27.9.10

Política internacional

HACE 40 AÑOS MORÍA NASSER
El 28 de septiembre de 1970 falleció de un ataque cardíaco Gamal Abdel Nasser, presidente egipcio y principal figura árabe de su época. Militar de profesión, en 1952 fue uno de los líderes de la revolución que derrocó al rey Faruk y proclamó la república. Impulsó el Movimiento de Países No Alineados junto a Tito y Nehru, y en 1956 se enfrentó con Francia, Gran Bretaña e Israel por la nacionalización del canal de Suez. Desde ese momento se convirtió en el principal referente del panarabismo, de orientación socialista y populista. Tramos de La herencia de Nasser, nota de Armando Puente publicada en la revista Primera Plana, nº 401 del 6 de octubre de 1970.

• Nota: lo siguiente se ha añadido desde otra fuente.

text \<open>elem_args p L gs is the list E_(p,p+g_0)(a_0^p), E_(p+g_0,p+g_0+g_1)(a_1^(p+g_0)), ...
  with a_j = (L ! j) g_j; for p = 0 this is the list Eargs used in the definition of Psi_2,
  but the recursion over the offset p is better suited to induction.\<close>
fun elem_args :: "('m \<Rightarrow> 'g::group_add \<Rightarrow> 'm) \<Rightarrow> ('g \<Rightarrow> 'g \<Rightarrow> 'm \<Rightarrow> complex) \<Rightarrow> 'g
     \<Rightarrow> ('g, 'm) elB list \<Rightarrow> 'g list \<Rightarrow> ('g, 'm) matA list" where
  "elem_args act m p (f # L) (g # gs) = Eel act m p g (f g) # elem_args act m (p + g) L gs"
| "elem_args act m p _ _ = []"

lemma length_elem_args: "length gs = length L \<Longrightarrow> length (elem_args act m p L gs) = length L"
  by (induction L arbitrary: gs p) (auto simp: length_Suc_conv)

lemma elem_args_append: "length gs1 = length L1 \<Longrightarrow>
   elem_args act m p (L1 @ L2) (gs1 @ gs2)
     = elem_args act m p L1 gs1 @ elem_args act m (p + sum_list gs1) L2 gs2"
proof (induction L1 arbitrary: gs1 p)
  case (Cons f L)
  then obtain g gs where "gs1 = g # gs" "length gs = length L" by (auto simp: length_Suc_conv)
  then show ?case using Cons.IH[of gs "p + g"] by (simp add: add.assoc)
qed simp

lemma Eargs_elem_args: "length gs = length L \<Longrightarrow> Eargs act m L gs = elem_args act m 0 L gs"
proof -
  have "length gs = length L \<Longrightarrow>
    map (\<lambda>j. Eel act m (p + pp gs j) (gs ! j) ((L ! j) (gs ! j))) [0..<length gs]
      = elem_args act m p L gs" for p
  proof (induction L arbitrary: gs p)
    case (Cons f L)
    then obtain g gs' where gs: "gs = g # gs'" "length gs' = length L" by (auto simp: length_Suc_conv)
    have "pp (g # gs') (Suc j) = g + pp gs' j" for j by (simp add: pp_def)
    then show ?case using Cons.IH[of gs' "p + g"] gs
      by (simp add: map_upt_Suc pp_def add.assoc del: upt_Suc)
  qed simp
  from this[of 0] show "length gs = length L \<Longrightarrow> ?thesis" by (simp add: Eargs_def)
qed

section \<open>Expansions\<close>

definition expand :: "('m \<Rightarrow> 'g::group_add \<Rightarrow> 'm) \<Rightarrow> ('g \<Rightarrow> 'g \<Rightarrow> 'm \<Rightarrow> complex)
     \<Rightarrow> (('g, 'm) matA list \<Rightarrow> complex) \<Rightarrow> ('g, 'm) elB list \<Rightarrow> complex" where
  "expand act m F L =
     (\<Sum>gs\<in>labels L. if sum_list gs = 0 then F (elem_args act m 0 L gs) else 0)"

text \<open>The two functionals of argument lists through which a cochain c enters Psi_2:
  the a_0-slot and the unit slot.\<close>
definition at_args :: "('g, 'm) matA cochain \<Rightarrow> ('g, 'm) matA list \<Rightarrow> complex" where
  "at_args c E = c (0, hd E) (tl E)"

definition at_unit :: "('g, 'm) matA cochain \<Rightarrow> ('g, 'm) matA list \<Rightarrow> complex" where
  "at_unit c E = c (1, (\<lambda>g h x. 0)) E"

lemma expand_scale: "expand act m (\<lambda>E. s * F E) L = s * expand act m F L"
  by (simp add: expand_def sum_distrib_left if_distrib cong: if_cong)

lemma expand_zero: "expand act m (\<lambda>E. 0) L = 0"
  by (simp add: expand_def)

lemma expand_zero_entry: "expand act m F ((\<lambda>g x. 0) # L) = 0"
  by (simp add: expand_def labels_Cons suppB_def)

locale gerbe =
  fixes act :: "'m \<Rightarrow> 'g::group_add \<Rightarrow> 'm"
    and m :: "'g \<Rightarrow> 'g \<Rightarrow> 'm \<Rightarrow> complex"
    and Sec :: "'g \<Rightarrow> ('m \<Rightarrow> complex) set"
    and HomSec :: "'g \<Rightarrow> 'g \<Rightarrow> ('m \<Rightarrow> complex) set"
  assumes gerbe_datum: "gerbe_datum act m Sec HomSec"
begin

lemma act_zero [simp]: "act x 0 = x"
  using gerbe_datum by (simp add: gerbe_datum_def)

lemma act_act [simp]: "act (act x g) h = act x (g + h)"
  using gerbe_datum by (simp add: gerbe_datum_def)

lemma m_nonzero [simp]: "m g h x \<noteq> 0"
  using gerbe_datum by (simp add: gerbe_datum_def)

lemma m_assoc: "m (g + h) k x * m g h x = m g (h + k) x * m h k (act x g)"
  using gerbe_datum by (simp add: gerbe_datum_def)

lemma Sec_subspace: "subspace_C (Sec g)"
  using gerbe_datum by (simp add: gerbe_datum_def)

lemma HomSec_subspace: "subspace_C (HomSec g h)"
  using gerbe_datum by (simp add: gerbe_datum_def)

lemma Sec_zero [simp]: "(\<lambda>_. 0) \<in> Sec g"
  using Sec_subspace by (simp add: subspace_C_def)

lemma HomSec_zero [simp]: "(\<lambda>_. 0) \<in> HomSec g h"
  using HomSec_subspace by (simp add: subspace_C_def)

lemma Eel_HomSec: "a \<in> Sec h \<Longrightarrow> (\<lambda>x. m k h x * a (act x k)) \<in> HomSec k (k + h)"
  using gerbe_datum by (simp add: gerbe_datum_def)

lemma HomSec_comp: "\<phi> \<in> HomSec g h \<Longrightarrow> \<psi> \<in> HomSec h k \<Longrightarrow> (\<lambda>x. \<psi> x * \<phi> x) \<in> HomSec g k"
  using gerbe_datum by (simp add: gerbe_datum_def)

lemma Sec_mult: "a \<in> Sec g \<Longrightarrow> a' \<in> Sec h \<Longrightarrow> (\<lambda>x. m g h x * a x * a' (act x g)) \<in> Sec (g + h)"
  using gerbe_datum by (simp add: gerbe_datum_def)

abbreviation "A \<equiv> algA HomSec"
abbreviation "B \<equiv> algB act m Sec"
abbreviation "CA \<equiv> acarr A"
abbreviation "CB \<equiv> acarr B"
abbreviation "zA \<equiv> (\<lambda>(g::'g) (h::'g) (x::'m). 0::complex)"

lemma acarrA: "CA = {f. finite (suppA f) \<and> (\<forall>g h. f g h \<in> HomSec g h)}"
  by (simp add: algA_def)
lemma amulA: "amul A f1 f2 = (\<lambda>h k x. \<Sum>g\<in>{g. f1 h g \<noteq> (\<lambda>_. 0)}. f2 g k x * f1 h g x)"
  by (simp add: algA_def)
lemma aaddA: "aadd A f1 f2 = (\<lambda>g h x. f1 g h x + f2 g h x)"
  by (simp add: algA_def)
lemma ascA: "asc A \<alpha> f = (\<lambda>g h x. \<alpha> * f g h x)"
  by (simp add: algA_def)
lemma azeroA: "azero A = zA"
  by (simp add: algA_def)

lemma zA_carrier [simp]: "zA \<in> CA"
  by (simp add: algA_def suppA_def)

lemma aaddA_scaled_zero [simp]: "aadd A (asc A 0 y) x = x"
  by (simp add: aaddA ascA)

lemma aaddA_unit [simp]: "aadd A (asc A 1 y) zA = y"
  by (simp add: aaddA ascA)

lemma amulA_zero [simp]: "amul A zA f = zA" "amul A f zA = zA"
  by (simp_all add: amulA)

text \<open>The A-product of two elements of the carrier stays in the carrier; needed to apply
  invariance of a cochain to an argument which is itself a product.\<close>
lemma amulA_carrier:
  assumes f1: "f1 \<in> CA" and f2: "f2 \<in> CA"
  shows "amul A f1 f2 \<in> CA"
proof -
  have fin1: "finite (suppA f1)" and fin2: "finite (suppA f2)"
    and h1: "\<And>g h. f1 g h \<in> HomSec g h" and h2: "\<And>g h. f2 g h \<in> HomSec g h"
    using f1 f2 by (auto simp: acarrA)
  have row_finite: "finite {g. f1 h g \<noteq> (\<lambda>_. 0)}" for h
    by (rule finite_subset[OF _ finite_imageI[OF fin1, of snd]]) (force simp: suppA_def)
  have "suppA (amul A f1 f2) \<subseteq> fst ` suppA f1 \<times> snd ` suppA f2"
  proof
    fix hk assume "hk \<in> suppA (amul A f1 f2)"
    then obtain h k where hk: "hk = (h, k)" and nz: "amul A f1 f2 h k \<noteq> (\<lambda>_. 0)"
      by (auto simp: suppA_def)
    then obtain g where "f1 h g \<noteq> (\<lambda>_. 0)" "f2 g k \<noteq> (\<lambda>_. 0)"
      unfolding amulA by (fastforce simp: fun_eq_iff intro: sum.neutral)
    then have "(h, g) \<in> suppA f1" "(g, k) \<in> suppA f2" by (auto simp: suppA_def)
    then show "hk \<in> fst ` suppA f1 \<times> snd ` suppA f2" unfolding hk by force
  qed
  then have "finite (suppA (amul A f1 f2))"
    using fin1 fin2 finite_subset by blast
  moreover have "amul A f1 f2 h k \<in> HomSec h k" for h k
    unfolding amulA using row_finite[of h]
    by (auto intro!: subspace_C_sum[OF HomSec_subspace] HomSec_comp h1 h2)
  ultimately show ?thesis by (simp add: acarrA)
qed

   "Entraba la comitiva en el puente de El Tahrir, sobre el Nilo, bordeando la cornisa ribereña hasta la sede de la Unión Socialista Árabe cuando explotó literalmente la caravana. Arrasado por la marea -ni siquiera pudieron contenerla los 50 mil guardias compungidos-, el féretro de Nasser avanzó delante de tres millones de hombres y mujeres hecha jirones la bandera que lo cubría. Primero salvó la plaza Ramses, los sectores de Al Bassia y El Maamir; atrás, pisoteados, barridos, quedaron 17 jefes de Estado, nueve Primeros Ministros, dos Vicepresidentes y docenas de Ministros, Los soldados marchaban entre la multitud, en fila de uno, levantando sus fusiles, mientras el gentío arrollaba a los seis caballos negros que arrastraban la cureña. Como en un extraño fenómeno de levitación, el Rais flotaba sobre su pueblo, se despedía.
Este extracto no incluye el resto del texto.